The Most FM is a radio station broadcasting on 100.4 FM in Taranaki, New Zealand. The station is operated by volunteers and owned by the Taranaki FM Trust.

History
The station began in 1995, originally only broadcasting one month out of the year, but by November 1997, it was broadcasting full-time. It operated for almost a decade on 92.3 MHz, being run by a willing and enthusiastic pool of students and volunteers.

As a result of a bureaucratic glitch, Most FM lost its original license in early 2008.  The resulting public outcry caused by Most FM going off air led to the formation of the Taranaki FM Trust, a consortium of local businessmen and well-wishers who vowed to get the station back on air.

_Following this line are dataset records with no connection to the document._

(* Let $m\ge 2$, let $n_1,\dots,n_m\ge 5$ be odd, and let $\mathcal{C}=\mathcal{C}(C_{n_1},\dots,C_{n_m})$ be the odd chain cycle. Then the vertex cover number of its strong resolving graph is $$\alpha(\mathcal{C}_{SR})=m-1+\left\lfloor\frac{n_1}{2}\right\rfloor+\left\lfloor\frac{n_m}{2}\right\rfloor+\sum_{i=2}^{m-1}\left\lfloor\frac{n_i-2}{2}\right\rfloor.$$
   Context: Let $C_{n_1},\dots,C_{n_m}$ be pairwise disjoint cycles, $V(C_{n_i})=\{v^i_1,\dots,v^i_{n_i}\}$ with $v^i_j$ adjacent to $v^i_{j+1}$ (indices mod $n_i$). The odd chain cycle (all $n_i$ odd) is obtained by identifying $v^i_{(n_i+1)/2+1}$ with $v^{i+1}_1$ for $i=1,\dots,m-1$. A vertex $u$ is maximally distant from $v$ if every neighbor $w$ of $u$ satisfies $d(v,w)\le d(u,v)$; $u,v$ are mutually maximally distant if each is maximally distant from the other. The strong resolving graph $G_{SR}$ of a connected graph $G$ has vertex set $V(G)$, with $u,v$ adjacent iff they are mutually maximally distant in $G$. $\alpha(H)$ denotes the minimum size of a vertex cover of $H$. *)

theory Defs
  imports Main
begin

definition gdist :: "('a \<Rightarrow> 'a \<Rightarrow> bool) \<Rightarrow> 'a \<Rightarrow> 'a \<Rightarrow> nat" where
  "gdist adj u v = (LEAST k. (adj ^^ k) u v)"

definition max_distant :: "('a \<Rightarrow> 'a \<Rightarrow> bool) \<Rightarrow> 'a \<Rightarrow> 'a \<Rightarrow> bool" where
  "max_distant adj u v \<longleftrightarrow> (\<forall>w. adj u w \<longrightarrow> gdist adj v w \<le> gdist adj u v)"

definition mutually_max_distant :: "('a \<Rightarrow> 'a \<Rightarrow> bool) \<Rightarrow> 'a \<Rightarrow> 'a \<Rightarrow> bool" where
  "mutually_max_distant adj u v \<longleftrightarrow> max_distant adj u v \<and> max_distant adj v u"

definition strong_resolving_adj :: "'a set \<Rightarrow> ('a \<Rightarrow> 'a \<Rightarrow> bool) \<Rightarrow> 'a \<Rightarrow> 'a \<Rightarrow> bool" where
  "strong_resolving_adj V adj u v \<longleftrightarrow> u \<in> V \<and> v \<in> V \<and> mutually_max_distant adj u v"

definition is_vertex_cover :: "'a set \<Rightarrow> ('a \<Rightarrow> 'a \<Rightarrow> bool) \<Rightarrow> 'a set \<Rightarrow> bool" where
  "is_vertex_cover V adj C \<longleftrightarrow> C \<subseteq> V \<and> (\<forall>u\<in>V. \<forall>v\<in>V. adj u v \<longrightarrow> u \<in> C \<or> v \<in> C)"

definition vertex_cover_number :: "'a set \<Rightarrow> ('a \<Rightarrow> 'a \<Rightarrow> bool) \<Rightarrow> nat" where
  "vertex_cover_number V adj = (LEAST k. \<exists>C. is_vertex_cover V adj C \<and> finite C \<and> card C = k)"

text \<open>Vertex v^i_j of cycle C_{n_i} is the pair (i,j), 1 \<le> i \<le> m, 1 \<le> j \<le> n i.
  The identification of v^i_{(n_i+1)/2+1} with v^{i+1}_1 is realised by the canonical
  representative map: v^{i+1}_1 is represented by (i, (n i + 1) div 2 + 1).\<close>

definition occ_canon :: "(nat \<Rightarrow> nat) \<Rightarrow> nat \<times> nat \<Rightarrow> nat \<times> nat" where
  "occ_canon n p = (if fst p \<ge> 2 \<and> snd p = 1 then (fst p - 1, (n (fst p - 1) + 1) div 2 + 1) else p)"

definition occ_verts :: "nat \<Rightarrow> (nat \<Rightarrow> nat) \<Rightarrow> (nat \<times> nat) set" where
  "occ_verts m n = occ_canon n ` {(i, j). 1 \<le> i \<and> i \<le> m \<and> 1 \<le> j \<and> j \<le> n i}"

definition cyc_next :: "(nat \<Rightarrow> nat) \<Rightarrow> nat \<Rightarrow> nat \<Rightarrow> nat" where
  "cyc_next n i j = (if j = n i then 1 else j + 1)"

definition occ_adj :: "nat \<Rightarrow> (nat \<Rightarrow> nat) \<Rightarrow> nat \<times> nat \<Rightarrow> nat \<times> nat \<Rightarrow> bool" where
  "occ_adj m n x y \<longleftrightarrow> (\<exists>i j. 1 \<le> i \<and> i \<le> m \<and> 1 \<le> j \<and> j \<le> n i \<and>
      ((x = occ_canon n (i, j) \<and> y = occ_canon n (i, cyc_next n i j)) \<or>
       (y = occ_canon n (i, j) \<and> x = occ_canon n (i, cyc_next n i j))))"

end

theory Submission
  imports Defs
begin

text \<open>
  Write n_i = 2 k_i + 1. The cycle C_i is entered at v^i_1 and left at v^i_{k_i+2}, two
  vertices at distance k_i, so a distance in the chain is a cycle distance plus the numbers k_l
  of the cycles passed in between. From this explicit distance one reads off the strong
  resolving graph: two non-joint vertices of one cycle are adjacent when they are antipodal,
  and a vertex of C_i at distance k_i from its exit is adjacent to every vertex of a later
  cycle C_i' at distance k_i' from its entry.

  Lower bound: inside each cycle the antipodal edges contain a matching of size k_1, k_m or
  k_i - 1. The cross edges force, for i < i', the far-from-exit vertices of C_i or the
  far-from-entry vertices of C_i' into the cover; hence all cycles but one contain such
  vertices as well, and there the matching can be chosen to avoid them, giving one more cover
  vertex each. Upper bound: leave out of the cover, in each cycle, the vertices of one of the
  two arcs between entry and exit (the entry itself and, in C_1, also v^1_2 excepted); no two
  left-out vertices are mutually maximally distant, because one of them always has a
  neighbour farther away from the other.
\<close>

definition cycle_dist :: "nat \<Rightarrow> nat \<Rightarrow> nat \<Rightarrow> nat" where
  "cycle_dist N a b =
     (if a \<le> b then min (b - a) (N - (b - a)) else min (a - b) (N - (a - b)))"

definition cycle_succ :: "nat \<Rightarrow> nat \<Rightarrow> nat" where
  "cycle_succ N j = (if j = N then 1 else j + 1)"

definition cycle_pred :: "nat \<Rightarrow> nat \<Rightarrow> nat" where
  "cycle_pred N j = (if j = 1 then N else j - 1)"

lemma cycle_dist_commute: "cycle_dist N a b = cycle_dist N b a"
  unfolding cycle_dist_def by auto

lemma cycle_dist_self [simp]: "cycle_dist N a a = 0"
  unfolding cycle_dist_def by simp

lemma cycle_dist_le_half:
  "1 \<le> a \<Longrightarrow> a \<le> N \<Longrightarrow> 1 \<le> b \<Longrightarrow> b \<le> N \<Longrightarrow> cycle_dist N a b \<le> N div 2"
  unfolding cycle_dist_def min_def by (auto split: if_splits)

lemma cycle_dist_eq_0D:
  "cycle_dist N a b = 0 \<Longrightarrow> 1 \<le> a \<Longrightarrow> a \<le> N \<Longrightarrow> 1 \<le> b \<Longrightarrow> b \<le> N \<Longrightarrow> a = b"
  unfolding cycle_dist_def min_def by (auto split: if_splits)

lemma cycle_succ_range: "1 \<le> b \<Longrightarrow> b \<le> N \<Longrightarrow> 1 \<le> cycle_succ N b \<and> cycle_succ N b \<le> N"
  unfolding cycle_succ_def by auto

lemma cycle_pred_range: "1 \<le> b \<Longrightarrow> b \<le> N \<Longrightarrow> 1 \<le> cycle_pred N b \<and> cycle_pred N b \<le> N"
  unfolding cycle_pred_def by auto

lemma cycle_succ_pred: "1 \<le> b \<Longrightarrow> b \<le> N \<Longrightarrow> cycle_succ N (cycle_pred N b) = b"
  unfolding cycle_succ_def cycle_pred_def by auto

lemma cycle_dist_succ_le:
  "1 \<le> a \<Longrightarrow> a \<le> N \<Longrightarrow> 1 \<le> b \<Longrightarrow> b \<le> N \<Longrightarrow>
    cycle_dist N a (cycle_succ N b) \<le> cycle_dist N a b + 1"
  unfolding cycle_dist_def cycle_succ_def min_def by (auto split: if_splits)

lemma cycle_dist_le_succ:
  "1 \<le> a \<Longrightarrow> a \<le> N \<Longrightarrow> 1 \<le> b \<Longrightarrow> b \<le> N \<Longrightarrow>
    cycle_dist N a b \<le> cycle_dist N a (cycle_succ N b) + 1"
  unfolding cycle_dist_def cycle_succ_def min_def by (auto split: if_splits)

lemma cycle_dist_closer_neighbour_le:
  assumes a: "1 \<le> a" "a \<le> N" and b: "1 \<le> b" "b \<le> N" and "a \<le> b"
    and pos: "0 < cycle_dist N a b"
  shows "cycle_dist N a (cycle_succ N b) + 1 = cycle_dist N a b \<or>
         cycle_dist N a (cycle_pred N b) + 1 = cycle_dist N a b"
proof -
  from \<open>a \<le> b\<close> pos have "a < b" by (auto intro: le_neq_trans)
  show ?thesis
  proof (cases "2 * (b - a) \<le> N")
    case True
    with \<open>a < b\<close> a have "cycle_pred N b = b - 1" "cycle_dist N a b = b - a"
      "cycle_dist N a (b - 1) = b - 1 - a"
      unfolding cycle_pred_def cycle_dist_def by auto
    with \<open>a < b\<close> show ?thesis by auto
  next
    case False
    then have c: "cycle_dist N a b = N - (b - a)" using \<open>a \<le> b\<close> unfolding cycle_dist_def by auto
    show ?thesis
    proof (cases "b = N")
      case True
      with False a have "cycle_succ N b = 1" "cycle_dist N a 1 = a - 1"
        unfolding cycle_succ_def cycle_dist_def by auto
      with c True a show ?thesis by auto
    next
      case b_lt: False
      with False \<open>a \<le> b\<close> b have "cycle_succ N b = b + 1"
        "cycle_dist N a (b + 1) = N - (b + 1 - a)"
        unfolding cycle_succ_def cycle_dist_def by auto
      with c b_lt \<open>a \<le> b\<close> b False show ?thesis by auto
    qed
  qed
qed

lemma cycle_dist_closer_neighbour_gt:
  assumes a: "1 \<le> a" "a \<le> N" and b: "1 \<le> b" "b \<le> N" and "b < a"
  shows "cycle_dist N a (cycle_succ N b) + 1 = cycle_dist N a b \<or>
         cycle_dist N a (cycle_pred N b) + 1 = cycle_dist N a b"
proof (cases "2 * (a - b) \<le> N")
  case True
  with \<open>b < a\<close> a have "cycle_succ N b = b + 1" "cycle_dist N a b = a - b"
    "cycle_dist N a (b + 1) = a - (b + 1)"
    unfolding cycle_succ_def cycle_dist_def by auto
  with \<open>b < a\<close> show ?thesis by auto
next
  case False
  with \<open>b < a\<close> have c: "cycle_dist N a b = N - (a - b)" unfolding cycle_dist_def by auto
  show ?thesis
  proof (cases "b = 1")
    case True
    with False a have "cycle_pred N b = N" "cycle_dist N a N = N - a"
      unfolding cycle_pred_def cycle_dist_def by auto
    with c True a \<open>b < a\<close> show ?thesis by auto
  next
    case b_gt: False
    with False \<open>b < a\<close> b have "cycle_pred N b = b - 1" "cycle_dist N a (b - 1) = N - (a - (b - 1))"
      unfolding cycle_pred_def cycle_dist_def by auto
    with c b_gt \<open>b < a\<close> a b False show ?thesis by auto
  qed
qed

lemma cycle_dist_closer_neighbour:
  assumes "1 \<le> a" "a \<le> N" "1 \<le> b" "b \<le> N" "0 < cycle_dist N a b"
  shows "cycle_dist N a (cycle_succ N b) + 1 = cycle_dist N a b \<or>
         cycle_dist N a (cycle_pred N b) + 1 = cycle_dist N a b"
  using assms cycle_dist_closer_neighbour_le cycle_dist_closer_neighbour_gt by (cases "a \<le> b") auto

lemma gdist_eq_potential:
  assumes lipschitz: "\<And>x y. adj x y \<Longrightarrow> f y \<le> f x + 1"
    and zero: "f z = 0" and zero_unique: "\<And>x. x \<in> S \<Longrightarrow> f x = 0 \<Longrightarrow> x = z"
    and pred: "\<And>x d. x \<in> S \<Longrightarrow> f x = Suc d \<Longrightarrow> \<exists>y\<in>S. adj y x \<and> f y = d"
    and x: "x \<in> S"
  shows "gdist adj z x = f x"
proof -
  have lower: "f y \<le> k" if "(adj ^^ k) z y" for k y
    using that
  proof (induction k arbitrary: y)
    case 0
    then show ?case using zero by simp
  next
    case (Suc k)
    then obtain w where "(adj ^^ k) z w" "adj w y" by (meson relpowp_Suc_E)
    with Suc.IH lipschitz[of w y] show ?case by fastforce
  qed
  have reach: "(adj ^^ d) z y" if "y \<in> S" "f y = d" for d y
    using that
  proof (induction d arbitrary: y)
    case 0
    then show ?case using zero_unique by simp
  next
    case (Suc d)
    then obtain w where "w \<in> S" "adj w y" "f w = d" using pred by blast
    with Suc.IH show ?case by (blast intro: relpowp_Suc_I)
  qed
  show ?thesis
    unfolding gdist_def by (rule Least_equality) (use x reach lower in auto)
qed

In March 2008, after a two-month break in transmission, Most FM began operating on 107.6 FM, but on a very localised frequency range. However, on Friday 15 August, Most FM 'powered up' on the new frequency of 100.4 FM, moving up from 100 to 300 watts. The Most has a wide range of alternative and specialist shows, reflecting the eclectic tastes of its show hosts and DJs. In April 2010 the station began relaying on 88.3 MHz to the town of Oakura which was previously out of range. Internet streaming also resumed online.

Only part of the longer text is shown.